Taxonomy and Evolution

The Diomedeidae family includes between 13 and 24 species, this is so because the number of species that make it up is still a matter of debate today, and they are divided into four classes: Diomedea (great albatross), Thalassarche, Phoebastria (large albatross). North Pacific) and Phoebetria (sooty albatross).

Of those four classes, scientists think that the North Pacific are a taxon related to the great albatross, while those in the Phoebetria class are closer to the Thalassarche class.

Its taxonomic placement has been the cause of extensive discussion. Sibley-Ahlquist taxonomy places seabirds, birds of prey, and others in the broad order Ciconiformes, but various ornithological organizations in New Zealand, Australia, South Africa, Europe, and North America maintain that they are part of the traditional order of Ciconiformes. the Procellariiformes.

Albatrosses differ from other members of the order Procellariiformes in both their genetic and morphological characteristics, particularly their size, the shape of their legs, and the location of their nostrils.

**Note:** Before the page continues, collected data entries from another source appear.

(* Let $\Phi$ be a random power-law $k$-SAT formula with $n$ variables, $m$ clauses, $k\ge3$, and constant $\beta>\frac{2k-3}{k-2}$. Let $\varepsilon>0$ be a constant such that $c=(k-1)-(1+\varepsilon)\frac{\beta-1}{\beta-2}>0$. If $\Delta=m/n\in o\left(n^{\varepsilon}/\log^{\varepsilon}n\right)$, then there exists $r\in\Theta\left(n\,\Delta^{-1/\varepsilon}\right)$ such that the clause-variable incidence graph $G(\Phi)$ is asymptotically almost surely an $(r,c)$-bipartite expander.
   Context: Power-law random $k$-SAT model: given $n$ variables $x_1,\dots,x_n$, $m$ clauses, an integer $k\ge 3$ and a constant $\beta>2$, assign weights $w_i=i^{-1/(\beta-1)}$. Each of the $m$ clauses is generated independently: $k$ distinct variables are drawn one after another without repetition, each draw choosing among the not-yet-drawn variables with probability proportional to their weights; each chosen variable is then negated independently with probability $1/2$. "Asymptotically almost surely" means with probability tending to $1$ as $n\to\infty$. The clause-variable incidence graph $G(\Phi)$ is the bipartite graph on the clause set $C$ and variable set $V$ with clause $c$ adjacent to variable $v$ iff $v$ occurs (positively or negatively) in $c$. For $C'\subseteq C$, $N(C')$ is the set of variables adjacent to some clause in $C'$. $G(\Phi)$ is an $(r,c)$-bipartite expander if $|N(C')|\ge(1+c)|C'|$ for every $C'\subseteq C$ with $|C'|\le r$. *)

theory Defs
  imports "HOL-Probability.Probability" "HOL-Library.Landau_Symbols"
begin

text \<open>Variables are 1..n, variable i has weight
  i powr (-1/(beta-1)). A literal is a pair (variable, sign) where the sign True
  means the variable is negated. A clause is a list of k literals over distinct
  variables; a formula is a list of m clauses (clause j is the j-th entry).\<close>

definition pl_weight :: "real \<Rightarrow> nat \<Rightarrow> real" where
  "pl_weight \<beta> i = real i powr (-1 / (\<beta> - 1))"

definition weighted_choice :: "real \<Rightarrow> nat set \<Rightarrow> nat pmf" where
  "weighted_choice \<beta> S =
     (if finite S \<and> S \<noteq> {} \<and> sum (pl_weight \<beta>) S > 0
      then embed_pmf (\<lambda>i. if i \<in> S then pl_weight \<beta> i / sum (pl_weight \<beta>) S else 0)
      else return_pmf 0)"

fun draw_vars :: "real \<Rightarrow> nat \<Rightarrow> nat set \<Rightarrow> nat list pmf" where
  "draw_vars \<beta> 0 S = return_pmf []"
| "draw_vars \<beta> (Suc j) S =
     bind_pmf (weighted_choice \<beta> S) (\<lambda>v.
     bind_pmf (draw_vars \<beta> j (S - {v})) (\<lambda>vs. return_pmf (v # vs)))"

fun add_signs :: "nat list \<Rightarrow> (nat \<times> bool) list pmf" where
  "add_signs [] = return_pmf []"
| "add_signs (v # vs) =
     bind_pmf (bernoulli_pmf (1/2)) (\<lambda>b.
     bind_pmf (add_signs vs) (\<lambda>ls. return_pmf ((v, b) # ls)))"

definition random_clause :: "nat \<Rightarrow> nat \<Rightarrow> real \<Rightarrow> (nat \<times> bool) list pmf" where
  "random_clause n k \<beta> = bind_pmf (draw_vars \<beta> k {1..n}) add_signs"

fun random_formula :: "nat \<Rightarrow> nat \<Rightarrow> nat \<Rightarrow> real \<Rightarrow> (nat \<times> bool) list list pmf" where
  "random_formula n 0 k \<beta> = return_pmf []"
| "random_formula n (Suc m) k \<beta> =
     bind_pmf (random_clause n k \<beta>) (\<lambda>c.
     bind_pmf (random_formula n m k \<beta>) (\<lambda>cs. return_pmf (c # cs)))"

text \<open>Clause-variable incidence graph: clause j (j < length \<Phi>) is adjacent to the
  variables occurring in it. N(C') is the neighbourhood of a set of clauses.\<close>
definition clause_vars :: "(nat \<times> bool) list list \<Rightarrow> nat \<Rightarrow> nat set" where
  "clause_vars \<Phi> j = fst ` set (\<Phi> ! j)"

definition nbhd :: "(nat \<times> bool) list list \<Rightarrow> nat set \<Rightarrow> nat set" where
  "nbhd \<Phi> C' = (\<Union>j\<in>C'. clause_vars \<Phi> j)"

definition bipartite_expander :: "(nat \<times> bool) list list \<Rightarrow> nat \<Rightarrow> real \<Rightarrow> bool" where
  "bipartite_expander \<Phi> r c \<longleftrightarrow>
     (\<forall>C' \<subseteq> {..<length \<Phi>}. card C' \<le> r \<longrightarrow> real (card (nbhd \<Phi> C')) \<ge> (1 + c) * real (card C'))"

end

theory Submission
  imports Defs
begin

https://www.youtube.com/watch?v=Dw9xaDdzziI

Among scientists who use taxonomy to classify species, species designations, and genera have used the same way of classifying for over a hundred years. Albatrosses were initially placed in a single genus, Diomedea, but in 1852 the scientist Reichenbach classified them into four different classes, proceeding to regroup and separate species several times.

In this classification modification process, 12 different classes were identified with their respective names in 1965, which were the classes Diomedea, Phoebastria, Thalassarche, Phoebetria, Thalassageron, Diomedella, Nealbatrus, Rhothonia, Julietata, Galapagornis, Laysanornis and Penthirenia.

But also in the year 1965, an attempt was made to order the classification, bringing them together into two genera, the Phoebetria, which are dark albatrosses, which at first glance look more similar to the procellariids, which were appreciated at that time as primitive animals, and Diomedea, which were the rest of the albatrosses.

This new classification was intended to simplify the albatross family, especially with regard to its nomenclature, since it was based on the morphological analysis made by Elliott Coues in 1866, but little attention was paid to it. the most recent studies, even ignoring several suggestions by Coues himself.

Newer studies, which were carried out by the researcher Gary Nunn in 1996, who belongs to the American Museum of Natural History, and by other scientists worldwide, studied the DNA of the mitochondria of the 14 species that had been accepted at that time. , and found that there were four classes, not two.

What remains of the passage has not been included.